Hacker News is a site extremely popular in technology and startup circles. As a result, posts that make it to the top of Hacker News' listings can get hundreds of thousands of visitors as as result.

Title with either "Ask HN" or "Show HN" are particular interesting topics. "Ask HN" posts usually are question posts to the Hacker News community and "Show HN" posts are submissions to Hacker News community a project, product or just something interesting.

So, it is interesting to know more about which topics are having more comments on average. The "Ask HN" posts? Or the "Show HN" posts? Are there posts created at a certain time receive more comments on average?

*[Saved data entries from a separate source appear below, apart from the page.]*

lemma integrable_continuous_times_nonneg:
  fixes w f :: "real \<Rightarrow> real"
  assumes "continuous_on {p..q} w" "f integrable_on {p..q}" "\<And>x. x \<in> {p..q} \<Longrightarrow> 0 \<le> f x"
  shows "(\<lambda>x. w x * f x) integrable_on {p..q}"
proof -
  have "(\<lambda>x. w x * f x) absolutely_integrable_on {p..q}"
  proof (rule absolutely_integrable_bounded_measurable_product_real)
    show "w \<in> borel_measurable (lebesgue_on {p..q})"
      using assms(1) by (intro continuous_imp_measurable_on_sets_lebesgue) auto
    show "bounded (w ` {p..q})"
      using assms(1) by (intro compact_imp_bounded compact_continuous_image) auto
    show "f absolutely_integrable_on {p..q}"
      using assms(2,3) by (intro nonnegative_absolutely_integrable_1) auto
  qed auto
  then show ?thesis by (rule set_lebesgue_integral_eq_integral(1))
qed

lemma integral_nonneg_of_nonneg:
  fixes f :: "real \<Rightarrow> real"
  assumes "\<And>x. x \<in> S \<Longrightarrow> 0 \<le> f x"
  shows "0 \<le> integral S f"
  using assms integral_nonneg[of f S] not_integrable_integral[of f S] by fastforce

context
  fixes x0 x1 :: real and W c phi g :: "real \<Rightarrow> real"
  assumes H1: "H1pair x0 x1 phi g"
    and W_cont: "continuous_on {x0..x1} W" and c_cont: "continuous_on {x0..x1} c"
begin

lemma integrable_mass_density: "(\<lambda>r. W r * (phi r)^2) integrable_on {x0..x1}"
  using H1pair_continuous_on[OF H1] W_cont
  by (intro integrable_continuous_interval continuous_intros)

lemma integrable_energy_density:
  "(\<lambda>r. W r * ((g r)^2 + c r * (phi r)^2)) integrable_on {x0..x1}"
proof -
  have "(\<lambda>r. W r * (g r)^2) integrable_on {x0..x1}"
    using integrable_continuous_times_nonneg[OF W_cont H1pairD(2)[OF H1]] by simp
  moreover have "(\<lambda>r. W r * c r * (phi r)^2) integrable_on {x0..x1}"
    using H1pair_continuous_on[OF H1] W_cont c_cont
    by (intro integrable_continuous_interval continuous_intros)
  ultimately show ?thesis
    by (subst distrib_left) (auto simp: mult.assoc dest: integrable_add)
qed

lemma mass_combine:
  assumes "x0 \<le> p" "p \<le> x1"
  shows "mass x0 x1 W phi = mass x0 p W phi + mass p x1 W phi"
  unfolding mass_def
  using Henstock_Kurzweil_Integration.integral_combine[OF assms integrable_mass_density] by simp

lemma energy_combine:
  assumes "x0 \<le> p" "p \<le> x1"
  shows "energy x0 x1 W c phi g = energy x0 p W c phi g + energy p x1 W c phi g"
  unfolding energy_def
  using Henstock_Kurzweil_Integration.integral_combine[OF assms integrable_energy_density] by simp

lemma mult_mass_le_energy_combine:
  assumes "x0 \<le> p" "p \<le> x1"
    and "L * mass x0 p W phi \<le> energy x0 p W c phi g" "L * mass p x1 W phi \<le> energy p x1 W c phi g"
  shows "L * mass x0 x1 W phi \<le> energy x0 x1 W c phi g"
  using assms mass_combine[OF assms(1,2)] energy_combine[OF assms(1,2)] by (simp add: distrib_left)

end

lemma mass_nonneg:
  assumes "\<And>r. r \<in> {x0..x1} \<Longrightarrow> 0 \<le> W r"
  shows "0 \<le> mass x0 x1 W phi"
  unfolding mass_def using assms by (intro integral_nonneg_of_nonneg) auto

lemma energy_nonneg:
  assumes "\<And>r. r \<in> {x0..x1} \<Longrightarrow> 0 \<le> W r" "\<And>r. r \<in> {x0..x1} \<Longrightarrow> 0 \<le> c r"
  shows "0 \<le> energy x0 x1 W c phi g"
  unfolding energy_def using assms by (intro integral_nonneg_of_nonneg) auto

lemma
  shows mass_divide: "mass x0 x1 W (\<lambda>r. phi r / k) = mass x0 x1 W phi / k^2"
    and energy_divide: "energy x0 x1 W c (\<lambda>r. phi r / k) (\<lambda>r. g r / k) = energy x0 x1 W c phi g / k^2"
  unfolding mass_def energy_def
  by (simp_all add: power_divide times_divide_eq_right flip: integral_divide add_divide_distrib)

lemma bdd_below_normalized_energies:
  assumes "\<And>r. r \<in> {x0..x1} \<Longrightarrow> 0 \<le> W r" "\<And>r. r \<in> {x0..x1} \<Longrightarrow> 0 \<le> c r"
  shows "bdd_below (normalized_energies x0 x1 W c)"
  unfolding normalized_energies_def using energy_nonneg[OF assms] by (auto intro: bdd_belowI[of _ 0])

lemma energy_div_mass_mem_normalized_energies:
  assumes "H1pair x0 x1 phi g" "0 < mass x0 x1 W phi"
  shows "energy x0 x1 W c phi g / mass x0 x1 W phi \<in> normalized_energies x0 x1 W c"
proof -
  let ?k = "sqrt (mass x0 x1 W phi)"
  have "H1pair x0 x1 (\<lambda>r. phi r / ?k) (\<lambda>r. g r / ?k)"
    using assms(1) by (rule H1pair_divide)
  moreover have "mass x0 x1 W (\<lambda>r. phi r / ?k) = 1"
    using assms(2) by (simp add: mass_divide)
  ultimately show ?thesis
    unfolding normalized_energies_def using assms(2) by (force simp: energy_divide)
qed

Let's us explore together! If you are interesting to know more about the dataset, please visit here

Import the Hacker New dataset¶

In [1]:

import csv
opened_file = open('hacker_news.csv')
Reader = csv.reader(opened_file)
All_rows = list(Reader)
headers = All_rows[0]
hn = All_rows[1:]

In [2]:

print(headers)
print(hn[:5])

['id', 'title', 'url', 'num_points', 'num_comments', 'author', 'created_at']
[['12224879', 'Interactive Dynamic Video', 'http://www.interactivedynamicvideo.com/', '386', '52', 'ne0phyte', '8/4/2016 11:52'], ['10975351', 'How to Use Open Source and Shut the Fuck Up at the Same Time', 'http://hueniverse.com/2016/01/26/how-to-use-open-source-and-shut-the-fuck-up-at-the-same-time/', '39', '10', 'josep2', '1/26/2016 19:30'], ['11964716', "Florida DJs May Face Felony for April Fools' Water Joke", 'http://www.thewire.com/entertainment/2013/04/florida-djs-april-fools-water-joke/63798/', '2', '1', 'vezycash', '6/23/2016 22:20'], ['11919867', 'Technology ventures: From Idea to Enterprise', 'https://www.amazon.com/Technology-Ventures-Enterprise-Thomas-Byers/dp/0073523429', '3', '1', 'hswarna', '6/17/2016 0:01'], ['10301696', 'Note by Note: The Making of Steinway L1037 (2007)', 'http://www.nytimes.com/2007/11/07/movies/07stein.html?_r=0', '8', '2', 'walterbell', '9/30/2015 4:12']]

In [3]:

ask_posts = []
show_posts = []
other_posts = []

for row in hn:
    title = row[1]
    title = title.lower()
    if title.startswith('ask hn'):
        ask_posts.append(row)
    elif title.startswith('show hn'):
        show_posts.append(row)
    else:
        other_posts.append(row)
        
print('There are {} ask posts'.format(len(ask_posts)))
print('There are {} show posts'.format(len(show_posts)))
print('There are {} other posts'.format(len(other_posts)))
    

There are 1744 ask posts
There are 1162 show posts
There are 17194 other posts

Header information¶

id: The unique identifier from Hacker News for the post

title: The title of the post

url: The URL that the posts links to, if it the post has a URL

num_points: The number of points the post acquired, calculated as the total number of upvotes minus the total number of downvotes

num_comments: The number of comments that were made on the post

author: The username of the person who submitted the post

created_at: The date and time at which the post was submitted

Let's find the average number of comments in ask posts and show posts¶

In [4]:

def cal_num(posts, row):
    
    total_comments = 0

    for row in posts:
        num_comment = row[4]
        total_comments += int(num_comment)
    return total_comments

In [5]:

total_ask_comments = cal_num(ask_posts, 4)
aveg_ask_comments = total_ask_comments / len(ask_posts)
print(aveg_ask_comments)

total_show_comments = cal_num(show_posts, 4)
avg_show_comments = total_show_comments / len(show_posts)
print(avg_show_comments)

14.038417431192661
10.31669535283993

By comparing the two average numbers above, we can certainly say that there are receiving more comments on average.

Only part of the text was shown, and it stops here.